Thanks for posting this! Love the jars and I'm inspired to get busy and try my hand at canning. As soon as the farmers markets are in full swing, I'm off!
looks yummy! we have a new peach tree that gave us some peaches last year... so hoping for some this year.
I could learn from the Ball Blue Book please enter my name.
Lisa Adams
rhondanichols1968@hotmail.com
Have you ever tried adding a vanilla bean to peach preserves or jam? It makes the flavor POP!
You left out the best part! Pour yourself a glass of ice tea, sit back with your feet up and listen for the "pings"!! I love that part of canning. The ping song as my husband calls it. I already have the book but if you decide to mail out a jar of preerves to the winner, throw my name in the pot!
Oh yum, yum, yum!! I thought you were giving away the Jam :)! It looks scrummy!!!
Hugs
jen xo
I would love to have this book. Count me in, in this give away.

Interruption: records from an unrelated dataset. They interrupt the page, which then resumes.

(* Let $Y$ be a real random variable. Each of the following conditions implies $\mathbb{E}e^{tY}<e^{t^2}$ for all real $t\neq0$: (1) $\mathbb{E}Y=0$ and $\chi^2(Y,\mathcal N)<\inf_{x>0}\frac{(e^{x/2}-1)^2}{e^x-1-x}=\frac12$; (2) $\mathbb{E}Y=0$, $\mathbb{E}Y^2=1$ and $\chi^2(Y,\mathcal N)<\min_{x>0}\frac{(e^{x/2}-1)^2}{e^x-1-x-\frac{x^2}{2}}=0.96116\ldots$; (3) $Y$ is symmetric (i.e. $-Y$ has the same distribution as $Y$) with $\mathbb{E}Y=0$, $\mathbb{E}Y^2=1$, and $\chi^2(Y,\mathcal N)<\min_{x>0}\frac{(e^{x/2}-1)^2}{\frac{e^x+e^{-x}}{2}-1-\frac{x^2}{2}}=1.97044\ldots$.
   Context: $\varphi(x)=e^{-x^2/2}/\sqrt{2\pi}$. For a real random variable $Y$ with density $p$, $\chi^2(Y,\mathcal N)=\int_{-\infty}^{\infty}\left(\frac{p(x)}{\varphi(x)}-1\right)^2\varphi(x)\,dx$ (taken to be $+\infty$ if $Y$ has no density). *)

theory Defs
  imports "HOL-Probability.Probability"
begin

definition std_normal_density :: "real \<Rightarrow> real" where
  "std_normal_density x = exp (- (x^2) / 2) / sqrt (2 * pi)"

text \<open>The value does not depend on the
  choice of density (densities agree a.e.).\<close>
definition chi2_normal :: "'a measure \<Rightarrow> ('a \<Rightarrow> real) \<Rightarrow> ennreal" where
  "chi2_normal M Y =
     (if \<exists>p. distributed M lborel Y p
      then (let p = (SOME p. distributed M lborel Y p) in
              \<integral>\<^sup>+ x. ennreal ((enn2real (p x) / std_normal_density x - 1)^2
                               * std_normal_density x) \<partial>lborel)
      else \<infinity>)"
(* Let $S\subset\mathbb{P}^3$ be the cubic surface $t_1t_2(t_1+t_2)=t_3^2t_4$, and let $U\subset S$ be the open subset obtained by deleting the six lines $t_i=t_j=0$ and $t_j=t_1+t_2=0$ for $i\in\{1,2\}$, $j\in\{3,4\}$. Let $N_U(B)=\#\{x\in U(\mathbb{Q}):H(x)\leq B\}$. For $v\in\mathbb{R}$ and $\mathbf{s},\mathbf{u},\mathbf{y}\in\mathbb{R}^3$ define $$\Psi(v,\mathbf{s},\mathbf{u},\mathbf{y})=\max\{|s_1s_2s_3|,\ |u_1^2u_2^2u_3^2v^3y_1y_2y_3|,\ |s_1u_1^2u_2u_3v^2y_1^2|,\ |s_2u_1u_2^2u_3v^2y_2^2|\}.$$ Then $N_U(B)$ equals $2$ times the number of $(v,\mathbf{s},\mathbf{u},\mathbf{y})$ with $v\in\mathbb{N}$, $\mathbf{s}=(s_1,s_2,s_3)\in\mathbb{N}^3$, $\mathbf{u}=(u_1,u_2,u_3)\in\mathbb{Z}^3$, $\mathbf{y}=(y_1,y_2,y_3)\in\mathbb{N}^3$ such that $$u_3>0,\quad \Psi(v,\mathbf{s},\mathbf{u},\mathbf{y})\leq B,\quad s_1u_1y_1^2+s_2u_2y_2^2+s_3u_3y_3^2=0,$$ $$|\mu(u_1u_2u_3)|=1,\quad \gcd(s_1s_2s_3,u_1u_2u_3v)=1,\quad \gcd(y_i,y_j)=1,\quad \gcd(y_i,s_j,s_k)=1,$$ where $i,j,k$ denote distinct elements of $\{1,2,3\}$.
   Context: For $x\in\mathbb{P}^{3}(\mathbb{Q})$ written as $x=[\mathbf{t}]$ with $\mathbf{t}\in\mathbb{Z}^4$ primitive, $H(x)=\max_i|t_i|$. $\mathbb{N}=\{1,2,3,\dots\}$ and $\mu$ is the Möbius function (so $|\mu(n)|=1$ means $n$ is square-free). *)

theory Defs
  imports Complex_Main "HOL-Computational_Algebra.Squarefree" "HOL-Computational_Algebra.Primes"
begin

definition moebius :: "nat \<Rightarrow> int" where
  "moebius n = (if squarefree n then (-1) ^ card (prime_factors n) else 0)"
(* Let $\theta\in\Theta_p(s_1,s_2)$. There exists a constant $c_0>0$, not depending on $n$ or $p$, such that for any (fixed, deterministic) classification rule $G:\mathbb R^p\to\{1,2\}$ with $L_\theta(G)<c_0$, $$L_\theta(G)^2\lesssim P_\theta(G(z)\ne L(z))-P_\theta(G^*_\theta(z)\ne L(z)).$$
   Context: Two-class Gaussian model with parameter $\theta=(\pi_1,\pi_2,\mu_1,\mu_2,\Sigma_1,\Sigma_2)$: $z$ has true label $L(z)$ with $P(L(z)=k)=\pi_k$ and $z\mid L(z)=k\sim N_p(\mu_k,\Sigma_k)$. Write $\Omega_k=\Sigma_k^{-1}$, $\delta=\mu_2-\mu_1$, $\bar\mu=(\mu_1+\mu_2)/2$, $D=\Omega_2-\Omega_1$, $\beta=\Omega_2\delta$, $Q(z;\theta)=(z-\mu_1)^\top D(z-\mu_1)-2\beta^\top(z-\bar\mu)-\log(|\Sigma_1|/|\Sigma_2|)+2\log(\pi_1/\pi_2)$; the Bayes rule is $G^*_\theta(z)=1$ if $Q(z;\theta)>0$, else $2$. Define $L_\theta(G)=P_\theta(G(z)\ne G^*_\theta(z))$. Let $f_{Q,\theta}$ be the density of $Q(z;\theta)$ with $z\sim\pi_1N_p(\mu_1,\Sigma_1)+\pi_2N_p(\mu_2,\Sigma_2)$. For fixed constants $M_0>0$, $M_1>1$, $\delta_0>0$, $M_2>0$, $c\in(0,1/2)$, $\Theta_p(s_1,s_2)$ is the set of $\theta$ with $\Sigma_1,\Sigma_2$ positive definite, $|D|_0\le s_1$, $\|\beta\|_0\le s_2$, $\|D\|_F,\|\beta\|_2\le M_0$, $M_1^{-1}\le\lambda_{\min}(\Sigma_k)\le\lambda_{\max}(\Sigma_k)\le M_1$ ($k=1,2$), $\sup_{|x|<\delta_0}f_{Q,\theta}(x)<M_2$, $c\le\pi_1,\pi_2\le1-c$. $a\lesssim b$ means $a\le Cb$ with $C$ depending only on these fixed constants. *)

theory Defs
  imports "HOL-Probability.Probability"
    "Jordan_Normal_Form.Gauss_Jordan_Elimination"
    "Jordan_Normal_Form.Char_Poly"
    "Jordan_Normal_Form.Determinant"
begin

I must not look for the right things when I go there!!! I love those jars. Hubby brought some samples home a few years agoa and I love to put my applesauce in them. I don't give away my cute jars...not as nice as you are!!!
Have you seen the new Better Homes and Gardens jars at Wal-mart? I really dislike that store, but I go in 2 or 3 times a year and just had to have them!!!! I will be going to Lowes now!!
Thanks for sharing!
Hi, there! I am so excited that I won the giveaway and I did send you my address, but didn't receive the book. Maybe it got lost?